**EXERCISE DETAILS**: Across the entries below, please work out how many lines contain the string "finally" and give only the number.

(Collected data)
▼
(* Let $M=\frac32-\sqrt2$ and for $\xi\in[0,\frac14]$ define $$G_\xi(w,f)=(1-f)\,y\left(\tfrac12-y\right)+4M\xi\cdot\frac{w}{1-f},\qquad y=1-\frac{w}{1-f}.$$ Let $\kappa=\frac{1019}{1000}$. For all $w_1,w_2,w_3\in[0,\frac12]$ and $f_1,f_2,f_3\in[0,\frac12]$ such that $\frac{1-f_i}{2}\le w_i\le1-f_i$ for $i=1,2,3$, and for every $\xi\in[0,\frac14]$, $$\tfrac12\bigl(G_\xi(w_1,f_1)+G_\xi(w_2,f_2)\bigr)\le\kappa\cdot G_\xi\!\left(\tfrac{w_1+w_2}{2},\tfrac{f_1+f_2}{2}\right),$$ $$\tfrac13\bigl(G_\xi(w_1,f_1)+G_\xi(w_2,f_2)+G_\xi(w_3,f_3)\bigr)\le\kappa\cdot G_\xi\!\left(\tfrac{w_1+w_2+w_3}{3},\tfrac{f_1+f_2+f_3}{3}\right).$$
   Context: Here $(1-f)y(\frac12-y)$ with $y=1-\frac{w}{1-f}$ is the quantity $\frac{1-f}{\Phi(1-\frac w{1-f})}$ for the potential $\Phi(x)=\frac{1}{x(\frac12-x)}$; $M=\frac32-\sqrt2=\sup_{0\le x\le1/2}\frac{x(\frac12-x)}{1-x}$. *)

theory Defs
  imports Complex_Main
begin

definition M_const :: real where
  "M_const = 3/2 - sqrt 2"

definition G :: "real \<Rightarrow> real \<Rightarrow> real \<Rightarrow> real" where
  "G \<xi> w f = (let y = 1 - w / (1 - f) in
      (1 - f) * y * (1/2 - y) + 4 * M_const * \<xi> * (w / (1 - f)))"

definition kappa :: real where
  "kappa = 1019 / 1000"

end

theory Submission
  imports Defs
begin

text \<open>In the coordinates \<open>g = 1 - f\<close> and \<open>y = 1 - w/g\<close> the function \<open>G\<close> becomes
\<open>g y (1/2 - y) + c (1 - y)\<close> with \<open>c = 4 M \<xi>\<close>, and averaging \<open>(w, f)\<close> turns into averaging \<open>g\<close>
together with the \<open>g\<close>-weighted average of \<open>y\<close>. Writing \<open>y\<^sub>i = Y + e\<^sub>i\<close>, the weights make
\<open>\<Sum> g\<^sub>i e\<^sub>i = 0\<close>, so the mean of the values differs from the value at the mean by
\<open>-(1/n) \<Sum> (g\<^sub>i e\<^sub>i\<^sup>2 + c e\<^sub>i)\<close>. Completing squares against the constraint bounds this defect by
\<open>c\<^sup>2/(2 m\<^sup>2)\<close> times the variance of the \<open>g\<^sub>i\<close>, which is at most \<open>m\<^sup>2/8\<close> because \<open>g\<^sub>i \<in> [1/2, 1]\<close>.
The resulting \<open>c\<^sup>2/16\<close> is absorbed by \<open>(\<kappa> - 1)\<close> times the value at the mean, which is at
least \<open>c/2\<close>.\<close>

definition G_yform :: "real \<Rightarrow> real \<Rightarrow> real \<Rightarrow> real" where
  "G_yform c g y = g * y * (1/2 - y) + c * (1 - y)"

lemma G_eq_G_yform:
  assumes "f < 1"
  shows "G \<xi> w f = G_yform (4 * M_const * \<xi>) (1 - f) (1 - w / (1 - f))"
  by (simp add: G_def G_yform_def Let_def)

lemma M_const_bounds: "0 \<le> M_const" "M_const \<le> 1/10"
proof -
  have "sqrt 2 \<le> 3/2" by (rule real_le_lsqrt) (auto simp: power2_eq_square)
  moreover have "7/5 \<le> sqrt 2" by (rule real_le_rsqrt) (auto simp: power2_eq_square)
  ultimately show "0 \<le> M_const" "M_const \<le> 1/10" by (auto simp: M_const_def)
qed

lemma neg_half_sq_le_quadratic:
  fixes g e k :: real
  assumes "1/2 \<le> g"
  shows "- (k^2) / 2 \<le> g * e^2 - k * e"
proof -
  have "1/2 * e^2 \<le> g * e^2" using assms by (rule mult_right_mono) simp
  moreover have "0 \<le> (e - k)^2" by simp
  ultimately show ?thesis by (simp add: power2_eq_square algebra_simps)
qed

lemma G_yform_ge_half:
  assumes "0 \<le> c" "0 \<le> g" "0 \<le> y" "y \<le> 1/2"
  shows "c / 2 \<le> G_yform c g y"
proof -
  have "0 \<le> g * y * (1/2 - y)" using assms by simp
  moreover have "c * (1/2) \<le> c * (1 - y)" using assms by (intro mult_left_mono) auto
  ultimately show ?thesis by (simp add: G_yform_def)
qed

lemma sum_sq_dev_le_mean_sq:
  fixes g :: "'a \<Rightarrow> real" and m :: real
  assumes "\<And>i. i \<in> A \<Longrightarrow> 1/2 \<le> g i \<and> g i \<le> 1"
    and m: "m = sum g A / card A"
  shows "(\<Sum>i\<in>A. (g i - m)^2) \<le> card A * m^2 / 8"
proof -
  have sum_g: "sum g A = card A * m"
    using m by (cases "finite A \<and> A \<noteq> {}") (auto simp: card_eq_0_iff)
  \<comment> \<open>\<open>g\<^sup>2 \<le> 3g/2 - 1/2\<close> on \<open>[1/2, 1]\<close>\<close>
  have "(g i - m)^2 \<le> 3/2 * g i - 1/2 - 2 * m * g i + m^2" if "i \<in> A" for i
  proof -
    have "0 \<le> (g i - 1/2) * (1 - g i)" using assms(1)[OF that] by simp
    moreover have "(g i - m)^2 - (3/2 * g i - 1/2 - 2 * m * g i + m^2) = - ((g i - 1/2) * (1 - g i))"
      by (simp add: power2_eq_square field_simps)
    ultimately show ?thesis by linarith
  qed
  then have "(\<Sum>i\<in>A. (g i - m)^2) \<le> (\<Sum>i\<in>A. 3/2 * g i - 1/2 - 2 * m * g i + m^2)"
    by (rule sum_mono)
  also have "\<dots> = (\<Sum>i\<in>A. (3/2 - 2 * m) * g i + (m^2 - 1/2))"
    by (rule sum.cong) (auto simp: algebra_simps)
  also have "\<dots> = (3/2 - 2 * m) * sum g A + card A * (m^2 - 1/2)"
    by (simp add: sum.distrib sum_distrib_left)
  also have "\<dots> = card A * (3/2 * m - 1/2 - m^2)"
    by (simp add: sum_g power2_eq_square algebra_simps)
  also have "\<dots> \<le> card A * m^2 / 8"
  proof -
    have "0 \<le> card A * (3 * m - 2)^2" by simp
    then show ?thesis by (simp add: power2_eq_square algebra_simps)
  qed
  finally show ?thesis .
qed

lemma sum_G_yform_eq:
  fixes g y :: "'a \<Rightarrow> real" and c Y :: real
  assumes "(\<Sum>i\<in>A. g i * (y i - Y)) = 0"
  shows "(\<Sum>i\<in>A. G_yform c (g i) (y i))
    = card A * c * (1 - Y) + sum g A * Y * (1/2 - Y) - (\<Sum>i\<in>A. g i * (y i - Y)^2 + c * (y i - Y))"
proof -
  have "G_yform c (g i) (y i)
      = g i * (Y * (1/2 - Y)) + c * (1 - Y) + (1/2 - 2 * Y) * (g i * (y i - Y))
        - (g i * (y i - Y)^2 + c * (y i - Y))" for i
    by (simp add: G_yform_def power2_eq_square algebra_simps)
  then have "(\<Sum>i\<in>A. G_yform c (g i) (y i))
      = sum g A * (Y * (1/2 - Y)) + card A * (c * (1 - Y)) + (1/2 - 2 * Y) * (\<Sum>i\<in>A. g i * (y i - Y))
        - (\<Sum>i\<in>A. g i * (y i - Y)^2 + c * (y i - Y))"
    by (simp add: sum.distrib sum_subtractf sum_distrib_left sum_distrib_right)
  then show ?thesis using assms by simp
qed

lemma sum_quadratic_ge:
  fixes g e :: "'a \<Rightarrow> real" and c :: real
  assumes "\<And>i. i \<in> A \<Longrightarrow> 1/2 \<le> g i \<and> g i \<le> 1"
    and "(\<Sum>i\<in>A. g i * e i) = 0"
  shows "- (card A * c^2 / 16) \<le> (\<Sum>i\<in>A. g i * e i^2 + c * e i)"
proof (cases "A = {} \<or> infinite A")
  case True
  then show ?thesis by auto
next
  case False
  define m where "m = sum g A / card A"
  have "card A / 2 \<le> sum g A"
    using sum_mono[of A "\<lambda>_. 1/2" g] assms(1) by auto
  moreover have "0 < card A" using False by (auto simp: card_gt_0_iff)
  ultimately have m_pos: "0 < m" by (simp add: m_def)
  \<comment> \<open>subtracting \<open>(c/m) \<Sum> g\<^sub>i e\<^sub>i = 0\<close> leaves coefficients proportional to \<open>g\<^sub>i - m\<close>\<close>
  define k where "k i = c * (g i - m) / m" for i
  have "(\<Sum>i\<in>A. g i * e i^2 + c * e i) = (\<Sum>i\<in>A. g i * e i^2 - k i * e i)"
  proof -
    have "g i * e i^2 + c * e i = (g i * e i^2 - k i * e i) + c / m * (g i * e i)" for i
      using m_pos by (simp add: k_def field_simps)
    then have "(\<Sum>i\<in>A. g i * e i^2 + c * e i)
        = (\<Sum>i\<in>A. g i * e i^2 - k i * e i) + c / m * (\<Sum>i\<in>A. g i * e i)"
      by (simp only: sum.distrib sum_distrib_left)
    then show ?thesis using assms(2) by simp
  qed
  moreover have "- (\<Sum>i\<in>A. k i^2) / 2 \<le> (\<Sum>i\<in>A. g i * e i^2 - k i * e i)"
    using sum_mono[of A "\<lambda>i. - (k i^2) / 2"] neg_half_sq_le_quadratic assms(1)
    by (simp add: sum_negf sum_divide_distrib)
  moreover have "(\<Sum>i\<in>A. k i^2) = c^2 / m^2 * (\<Sum>i\<in>A. (g i - m)^2)"
    by (simp add: k_def power_divide power_mult_distrib sum_distrib_left)
  moreover have "c^2 / m^2 * (\<Sum>i\<in>A. (g i - m)^2) \<le> c^2 / m^2 * (card A * m^2 / 8)"
    using sum_sq_dev_le_mean_sq[OF assms(1) m_def] by (intro mult_left_mono) auto
  moreover have "c^2 / m^2 * (card A * m^2 / 8) = card A * c^2 / 8"
    using m_pos by simp
  ultimately show ?thesis by linarith
qed

lemma G_yform_mean_le:
  fixes g y :: "'a \<Rightarrow> real"
  assumes A: "finite A" "A \<noteq> {}"
    and g: "\<And>i. i \<in> A \<Longrightarrow> 1/2 \<le> g i \<and> g i \<le> 1"
    and y: "\<And>i. i \<in> A \<Longrightarrow> 0 \<le> y i \<and> y i \<le> 1/2"
    and c: "0 \<le> c" "c \<le> 8 * (kappa - 1)"
  shows "(\<Sum>i\<in>A. G_yform c (g i) (y i)) / card A
    \<le> kappa * G_yform c (sum g A / card A) ((\<Sum>i\<in>A. g i * y i) / sum g A)"
proof -
  define n where "n = real (card A)"
  define m where "m = sum g A / n"
  define Y where "Y = (\<Sum>i\<in>A. g i * y i) / sum g A"
  have n_pos: "0 < n" using A by (simp add: n_def card_gt_0_iff)
  have "n / 2 \<le> sum g A"
    using sum_mono[of A "\<lambda>_. 1/2" g] g by (auto simp: n_def)
  then have S_pos: "0 < sum g A" using n_pos by linarith
  have g_nonneg: "0 \<le> g i" if "i \<in> A" for i using g[OF that] by simp
  have "0 \<le> (\<Sum>i\<in>A. g i * y i)"
    using g_nonneg y by (intro sum_nonneg mult_nonneg_nonneg) auto
  moreover have "(\<Sum>i\<in>A. g i * y i) \<le> (\<Sum>i\<in>A. g i * (1/2))"
    using g_nonneg y by (intro sum_mono mult_left_mono) auto
  ultimately have Y: "0 \<le> Y" "Y \<le> 1/2"
    using S_pos by (auto simp: Y_def divide_le_eq sum_divide_distrib[symmetric])
  have "(\<Sum>i\<in>A. g i * (y i - Y)) = (\<Sum>i\<in>A. g i * y i) - sum g A * Y"
    by (simp add: right_diff_distrib sum_subtractf sum_distrib_right)
  then have balanced: "(\<Sum>i\<in>A. g i * (y i - Y)) = 0"
    using S_pos by (simp add: Y_def)
  have "n * G_yform c m Y = card A * c * (1 - Y) + sum g A * Y * (1/2 - Y)"
    using n_pos by (simp add: G_yform_def m_def n_def field_simps)
  then have "(\<Sum>i\<in>A. G_yform c (g i) (y i))
      = n * G_yform c m Y - (\<Sum>i\<in>A. g i * (y i - Y)^2 + c * (y i - Y))"
    by (simp only: sum_G_yform_eq[OF balanced])
  also have "\<dots> \<le> n * (G_yform c m Y + c^2 / 16)"
    using sum_quadratic_ge[OF g balanced, of c] by (simp add: n_def algebra_simps)
  also have "\<dots> \<le> n * (kappa * G_yform c m Y)"
  proof -
    have "c / 2 \<le> G_yform c m Y" using G_yform_ge_half[OF c(1) _ Y] S_pos n_pos by (simp add: m_def)
    moreover have "c * c \<le> 8 * (kappa - 1) * c" using c by (intro mult_right_mono) auto
    ultimately have "c^2 / 16 \<le> (kappa - 1) * G_yform c m Y"
      by (auto simp: kappa_def power2_eq_square)
    then have "G_yform c m Y + c^2 / 16 \<le> kappa * G_yform c m Y"
      by (simp add: algebra_simps)
    then show ?thesis using n_pos by (intro mult_left_mono) auto
  qed
  finally show ?thesis using n_pos by (simp add: divide_le_eq m_def Y_def n_def mult.commute)
qed

lemma G_mean_le:
  fixes w f :: "'a \<Rightarrow> real"
  assumes A: "finite A" "A \<noteq> {}"
    and f: "\<And>i. i \<in> A \<Longrightarrow> 0 \<le> f i \<and> f i \<le> 1/2"
    and w: "\<And>i. i \<in> A \<Longrightarrow> (1 - f i) / 2 \<le> w i \<and> w i \<le> 1 - f i"
    and \<xi>: "0 \<le> \<xi>" "\<xi> \<le> 1/4"
  shows "(\<Sum>i\<in>A. G \<xi> (w i) (f i)) / card A \<le> kappa * G \<xi> (sum w A / card A) (sum f A / card A)"
proof -
  define c where "c = 4 * M_const * \<xi>"
  define g y where "g i = 1 - f i" and "y i = 1 - w i / (1 - f i)" for i
  have c: "0 \<le> c" "c \<le> 8 * (kappa - 1)"
  proof -
    have "M_const * \<xi> \<le> 1/10 * (1/4)"
      using M_const_bounds \<xi> by (intro mult_mono) auto
    then show "0 \<le> c" "c \<le> 8 * (kappa - 1)"
      using M_const_bounds \<xi> by (auto simp: c_def kappa_def)
  qed
  have gy_w: "g i * y i = g i - w i" if "i \<in> A" for i
    using f[OF that] by (simp add: g_def y_def field_simps)
  have n_pos: "0 < real (card A)" using A by (simp add: card_gt_0_iff)
  have mean_f: "1 - sum f A / card A = sum g A / card A"
    using n_pos by (simp add: g_def sum_subtractf field_simps)
  have S_pos: "0 < sum g A" using A by (intro sum_pos) (auto simp: g_def dest!: f)
  have y_mean: "1 - sum w A / card A / (sum g A / card A) = (\<Sum>i\<in>A. g i * y i) / sum g A"
    using S_pos n_pos by (simp add: gy_w sum_subtractf field_simps)
  have "0 < sum g A / card A" using S_pos n_pos by simp
  then have "sum f A / card A < 1" using mean_f by linarith
  from G_eq_G_yform[OF this, of \<xi> "sum w A / card A"]
  have "G \<xi> (sum w A / card A) (sum f A / card A)
      = G_yform c (sum g A / card A) ((\<Sum>i\<in>A. g i * y i) / sum g A)"
    unfolding mean_f y_mean c_def .
  moreover have "G \<xi> (w i) (f i) = G_yform c (g i) (y i)" if "i \<in> A" for i
    using G_eq_G_yform[of "f i"] f[OF that] by (simp add: c_def g_def y_def)
  moreover have "0 \<le> y i \<and> y i \<le> 1/2" if "i \<in> A" for i
    using f[OF that] w[OF that] by (auto simp: y_def field_simps)
  ultimately show ?thesis
    using G_yform_mean_le[OF A _ _ c, of g y] f by (simp add: g_def)
qed

theorem lemma23:
  fixes w1 w2 w3 f1 f2 f3 \<xi> :: real
  assumes "w1 \<in> {0..1/2}" "w2 \<in> {0..1/2}" "w3 \<in> {0..1/2}"
    and "f1 \<in> {0..1/2}" "f2 \<in> {0..1/2}" "f3 \<in> {0..1/2}"
    and "(1 - f1) / 2 \<le> w1" "w1 \<le> 1 - f1"
    and "(1 - f2) / 2 \<le> w2" "w2 \<le> 1 - f2"
    and "(1 - f3) / 2 \<le> w3" "w3 \<le> 1 - f3"
    and "\<xi> \<in> {0..1/4}"
  shows "(G \<xi> w1 f1 + G \<xi> w2 f2) / 2 \<le> kappa * G \<xi> ((w1 + w2) / 2) ((f1 + f2) / 2)
         \<and> (G \<xi> w1 f1 + G \<xi> w2 f2 + G \<xi> w3 f3) / 3
           \<le> kappa * G \<xi> ((w1 + w2 + w3) / 3) ((f1 + f2 + f3) / 3)"
proof -
  define w f where "w = (\<lambda>i::nat. if i = 0 then w1 else if i = 1 then w2 else w3)"
    and "f = (\<lambda>i::nat. if i = 0 then f1 else if i = 1 then f2 else f3)"
  have "(\<Sum>i\<in>A. G \<xi> (w i) (f i)) / card A \<le> kappa * G \<xi> (sum w A / card A) (sum f A / card A)"
    if "A \<subseteq> {0, 1, 2}" "A \<noteq> {}" for A
    using that assms
    by (intro G_mean_le) (auto simp: w_def f_def dest: finite_subset)
  from this[of "{0, 1}"] this[of "{0, 1, 2}"] show ?thesis
    by (simp add: w_def f_def add.assoc)
qed

end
▲
**EXPECTED ANSWER**: 2